Equally important to realize is that we aren’t making the GOI and the ISF better in any significant ways with our current approach. Remaining in Iraq through the end of December 2011 will yield little in the way of improving the abilities of the ISF or the functioning of the GOI. Furthermore, in light of the GOI’s current interpretation of the limitations imposed by the 30 June milestones of the 2008 Security Agreement, the security of US forces are at risk. Iraq is not a country with a history of treating even its welcomed guests well. This is not to say we can be defeated, only that the danger of a violent incident that will rupture the current partnership has greatly increased since 30 June. Such a rupture would force an unplanned early departure that would harm our long term interests in Iraq and potentially unraveling the great good that has been done since 2003. The use of the military instrument of national power in its current form has accomplished all that can be expected. In the next section I will present and admittedly one sided view of the evidence in support of this view. This information is drawn solely from the MND-B area of operations in Baghdad Province. My reading of reports from the other provinces suggests the same situation exists there.
The US withdrawal is key to stabilize the region and prevent sectarian violence
Jonathan Steele, “Defeat in Iraq: The Challenges for Obama and the Region” 2010 Journal of Intervention and Statebuilding, 4: 1, 23-34 http://dx.doi.org/10.1080/17502970903086768)
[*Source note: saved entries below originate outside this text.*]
(* Under the hypotheses of the previous setting (nonzero $\mathsf k_1,\mathsf k_2,\mathsf k_3$, a Bethe solution with pairwise distinct roots $\lambda_l\ne\lambda_m$, $\mu_p\ne\mu_q$, $\mu_q\ne\lambda_m$ and $\{\mu_h\}\cap\{\xi_n\}=\emptyset$), let $t_1(\lambda)=t_1(\lambda|\{\lambda_j\},\{\mu_h\})$, $x_a=t_1(\xi_a)$, and let $t^{(m)}_n(\lambda)=t^{(m)}_n(\lambda|\{x_a\})$ be the associated fused polynomials. Then the null out-boundary conditions $t^{(2+n)}_{3+m}(\lambda)=0$ hold for all $\lambda\in\mathbb C$ and all integers $n,m\ge0$, and the inner-boundary condition $\mathsf k_2\mathsf k_3\,d(\lambda)\,t_3(\lambda)=\mathsf k_1\,t^{(2)}_2(\lambda+\eta)$ holds for all $\lambda\in\mathbb C$; equivalently $\mathsf k_2\mathsf k_3d(\lambda)t_3(\lambda)=\mathsf k_1\big(t_2(\lambda)t_2(\lambda+\eta)-t_3(\lambda)t_1(\lambda+\eta)\big)$.
   Context: Fix a nonzero complex number $\eta$, an integer $\mathsf N\ge1$ and complex inhomogeneities $\xi_1,\dots,\xi_{\mathsf N}$ with $\xi_a-\xi_b\notin\eta\mathbb Z$ for $a\ne b$. This concerns the fundamental $gl_{1|2}$ model with diagonal twist $K=\operatorname{diag}(\mathsf k_1,\mathsf k_2,\mathsf k_3)$. Write $d(\lambda)=\prod_{n=1}^{\mathsf N}(\lambda-\xi_n)$, $a(\lambda)=d(\lambda+\eta)$, and $f^{(m)}_a(\lambda)=\prod_{b\ne a}\frac{\lambda-\xi_b}{\xi_a-\xi_b}\prod_{b=1}^{\mathsf N}\prod_{r=1}^{m-1}\frac{1}{\xi_a-\xi_b+r\eta}$. Let $T_{\infty,1}=\mathsf k_1-\mathsf k_2-\mathsf k_3$ and $T_{\infty,n}=\mathsf k_1^{n-2}(\mathsf k_1-\mathsf k_2)(\mathsf k_1-\mathsf k_3)$ for $n\ge2$. Interpolation polynomials in unknowns $\{x_a\}$: $t_1(\lambda|\{x_a\})=T_{\infty,1}d(\lambda)+\sum_af^{(1)}_a(\lambda)x_a$ and, for $n\ge1$, $t_{n+1}(\lambda|\{x_a\})=\prod_{r=1}^nd(\lambda+r\eta)\big[T_{\infty,n+1}d(\lambda)+\sum_af^{(n+1)}_a(\lambda)t_n(\xi_a+\eta|\{x_a\})x_a\big]$. Fused polynomials: $t^{(m)}_n(\lambda|\{x_a\})=\det_{1\le i,j\le m}t_{n+i-j}(\lambda-(i-1)\eta|\{x_a\})$ with $t_0\equiv1$, $t_k\equiv0$ for $k<0$. Bethe Ansatz: $Q_1(\lambda)=\prod_{l=1}^L(\lambda-\lambda_l)$, $Q_2(\lambda)=\prod_{m=1}^M(\lambda-\mu_m)$; Bethe equations: $\mathsf k_1Q_2(\lambda_j)a(\lambda_j)=\mathsf k_2d(\lambda_j)Q_2(\lambda_j+\eta)$ ($j\le L$) and $\mathsf k_2Q_2(\mu_j+\eta)Q_1(\mu_j-\eta)=-\mathsf k_3Q_2(\mu_j-\eta)Q_1(\mu_j)$ ($j\le M$). Define $\Lambda_1(\lambda)=\mathsf k_1a(\lambda)\frac{Q_1(\lambda-\eta)}{Q_1(\lambda)}$, $\Lambda_2(\lambda)=\mathsf k_2d(\lambda)\frac{Q_1(\lambda-\eta)Q_2(\lambda+\eta)}{Q_1(\lambda)Q_2(\lambda)}$, $\Lambda_3(\lambda)=\mathsf k_3d(\lambda)\frac{Q_2(\lambda-\eta)}{Q_2(\lambda)}$, and $t_1(\lambda|\{\lambda_j\},\{\mu_h\})=\Lambda_1(\lambda)-\Lambda_2(\lambda)-\Lambda_3(\lambda)$. *)

theory Defs
  imports Complex_Main "Jordan_Normal_Form.Determinant"
begin
(* Let $X$ be a compact metric space and $f\colon X\to X$ continuous. If $(X,f)$ has any one of the following properties, then it has property $P_e$: (1) two-sided limit shadowing; (2) two-sided orbital limit shadowing; (3) $\delta$-restricted two-sided orbital limit shadowing.
   Context: A full trajectory is a sequence $\langle x_i\rangle_{i\in\mathbb Z}$ in $X$ with $f(x_i)=x_{i+1}$ for all $i$. For a two-sided sequence, $\omega(\langle x_i\rangle)=\bigcap_{M\in\mathbb N}\overline{\{x_n:n>M\}}$, $\alpha(\langle x_i\rangle)=\bigcap_{M\in\mathbb N}\overline{\{x_n:n<-M\}}$. $ICT_f$ is the set of nonempty closed internally chain transitive sets, where $A$ is internally chain transitive if for all $a,b\in A$ and $\delta>0$ there exist $x_0=a,\dots,x_N=b$ in $A$, $N\ge1$, with $d(f(x_i),x_{i+1})<\delta$. Property $P_e$: for every $A\in ICT_f$ there is a full trajectory $\langle x_i\rangle$ with $\alpha(\langle x_i\rangle)=\omega(\langle x_i\rangle)=A$. A two-sided asymptotic pseudo-orbit is $\langle x_i\rangle_{i\in\mathbb Z}$ with $d(f(x_i),x_{i+1})\to0$ as $i\to\pm\infty$; it is a two-sided asymptotic $\delta$-pseudo-orbit if moreover $d(f(x_i),x_{i+1})<\delta$ for all $i\in\mathbb Z$. Two-sided limit shadowing: every two-sided asymptotic pseudo-orbit $\langle x_i\rangle$ admits a full trajectory $\langle z_i\rangle$ with $d(z_i,x_i)\to0$ as $i\to\pm\infty$. Two-sided orbital limit shadowing: every two-sided asymptotic pseudo-orbit $\langle x_i\rangle$ admits a full trajectory $\langle z_i\rangle$ with $\alpha(\langle z_i\rangle)=\alpha(\langle x_i\rangle)$ and $\omega(\langle z_i\rangle)=\omega(\langle x_i\rangle)$. $\delta$-restricted two-sided orbital limit shadowing: there exists $\delta>0$ such that every two-sided asymptotic $\delta$-pseudo-orbit $\langle x_i\rangle$ admits a full trajectory $\langle z_i\rangle$ with $\alpha(\langle z_i\rangle)=\alpha(\langle x_i\rangle)$ and $\omega(\langle z_i\rangle)=\omega(\langle x_i\rangle)$. *)

theory Defs
  imports "HOL-Analysis.Analysis"
begin

definition full_trajectory :: "'a set \<Rightarrow> ('a \<Rightarrow> 'a) \<Rightarrow> (int \<Rightarrow> 'a) \<Rightarrow> bool" where
  "full_trajectory X f x \<longleftrightarrow> (\<forall>i. x i \<in> X \<and> f (x i) = x (i + 1))"

definition omega_limit :: "(int \<Rightarrow> 'a::metric_space) \<Rightarrow> 'a set" where
  "omega_limit x = (\<Inter>M::nat. closure {x n | n. n > int M})"

definition alpha_limit :: "(int \<Rightarrow> 'a::metric_space) \<Rightarrow> 'a set" where
  "alpha_limit x = (\<Inter>M::nat. closure {x n | n. n < - int M})"

definition internally_chain_transitive :: "('a::metric_space \<Rightarrow> 'a) \<Rightarrow> 'a set \<Rightarrow> bool" where
  "internally_chain_transitive f A \<longleftrightarrow>
     (\<forall>a\<in>A. \<forall>b\<in>A. \<forall>\<delta>>0. \<exists>N::nat. \<exists>c::nat \<Rightarrow> 'a. N \<ge> 1 \<and> c 0 = a \<and> c N = b \<and>
        (\<forall>i\<le>N. c i \<in> A) \<and> (\<forall>i<N. dist (f (c i)) (c (Suc i)) < \<delta>))"

definition ICT :: "'a set \<Rightarrow> ('a::metric_space \<Rightarrow> 'a) \<Rightarrow> 'a set set" where
  "ICT X f = {A. A \<subseteq> X \<and> A \<noteq> {} \<and> closed A \<and> internally_chain_transitive f A}"

definition property_Pe :: "'a set \<Rightarrow> ('a::metric_space \<Rightarrow> 'a) \<Rightarrow> bool" where
  "property_Pe X f \<longleftrightarrow> (\<forall>A\<in>ICT X f. \<exists>x. full_trajectory X f x \<and>
      alpha_limit x = A \<and> omega_limit x = A)"

definition two_sided_asymptotic_pseudo_orbit :: "'a set \<Rightarrow> ('a::metric_space \<Rightarrow> 'a) \<Rightarrow> (int \<Rightarrow> 'a) \<Rightarrow> bool" where
  "two_sided_asymptotic_pseudo_orbit X f x \<longleftrightarrow> (\<forall>i. x i \<in> X) \<and>
     ((\<lambda>i. dist (f (x i)) (x (i + 1))) \<longlongrightarrow> 0) at_top \<and>
     ((\<lambda>i. dist (f (x i)) (x (i + 1))) \<longlongrightarrow> 0) at_bot"

definition two_sided_asymptotic_delta_pseudo_orbit :: "'a set \<Rightarrow> ('a::metric_space \<Rightarrow> 'a) \<Rightarrow> real \<Rightarrow> (int \<Rightarrow> 'a) \<Rightarrow> bool" where
  "two_sided_asymptotic_delta_pseudo_orbit X f \<delta> x \<longleftrightarrow> two_sided_asymptotic_pseudo_orbit X f x \<and>
     (\<forall>i. dist (f (x i)) (x (i + 1)) < \<delta>)"

definition two_sided_limit_shadowing :: "'a set \<Rightarrow> ('a::metric_space \<Rightarrow> 'a) \<Rightarrow> bool" where
  "two_sided_limit_shadowing X f \<longleftrightarrow> (\<forall>x. two_sided_asymptotic_pseudo_orbit X f x \<longrightarrow>
     (\<exists>z. full_trajectory X f z \<and> ((\<lambda>i. dist (z i) (x i)) \<longlongrightarrow> 0) at_top \<and>
          ((\<lambda>i. dist (z i) (x i)) \<longlongrightarrow> 0) at_bot))"

definition two_sided_orbital_limit_shadowing :: "'a set \<Rightarrow> ('a::metric_space \<Rightarrow> 'a) \<Rightarrow> bool" where
  "two_sided_orbital_limit_shadowing X f \<longleftrightarrow> (\<forall>x. two_sided_asymptotic_pseudo_orbit X f x \<longrightarrow>
     (\<exists>z. full_trajectory X f z \<and> alpha_limit z = alpha_limit x \<and> omega_limit z = omega_limit x))"

definition delta_restricted_two_sided_orbital_limit_shadowing :: "'a set \<Rightarrow> ('a::metric_space \<Rightarrow> 'a) \<Rightarrow> bool" where
  "delta_restricted_two_sided_orbital_limit_shadowing X f \<longleftrightarrow> (\<exists>\<delta>>0. \<forall>x.
     two_sided_asymptotic_delta_pseudo_orbit X f \<delta> x \<longrightarrow>
     (\<exists>z. full_trajectory X f z \<and> alpha_limit z = alpha_limit x \<and> omega_limit z = omega_limit x))"

end

theory Submission
  imports Defs
begin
Questions about Iraq’s medium-term stability remain. Most Sunni leaders seem to have reconciled themselves to having a Shia-led government for the foreseeable future. They see their task not as trying to overthrow it, but as pressing it to be inclusive, fair and non-sectarian. The risk of a new outburst of Sunni versus Shia violence cannot be discounted, if the Shia-led government frustrates legitimate Sunni demands for a fair share of government jobs and reconstruction money. But most Iraqis are tired of the blood-letting of 2006 and 2007 and would not easily sanction another round of it. In early 2009, the greater threat was that Arabs and Kurds might come to blows. Tensions were growing over the oil-rich region of Kirkuk and the various districts of Nineveh province around Mosul, which the Kurds claim as historically theirs. Iraq’s federal constitution planted several mines which could explode during negotiations between Baghdad and the Kurdistan regional government over sharing taxes, oil revenues and other wealth. A violent flare-up over Kirkuk could precipitate moves by the Kurds to secede, leading to the country’s collapse into a Kurdish north and an Arab south. Apocalyptic scenarios are easily drawn. Pessimistic forecasts tend to be described as realism, while those who make the opposite case often stand accused of naivety. In policy-making circles the default option is that worse is more probable than better. Iraq suggests this may be wrong. Whatever apprehension there may be in some quarters, the evidence of 2008 is that life has improved for Iraqis as they begin to assume the US is finally leaving.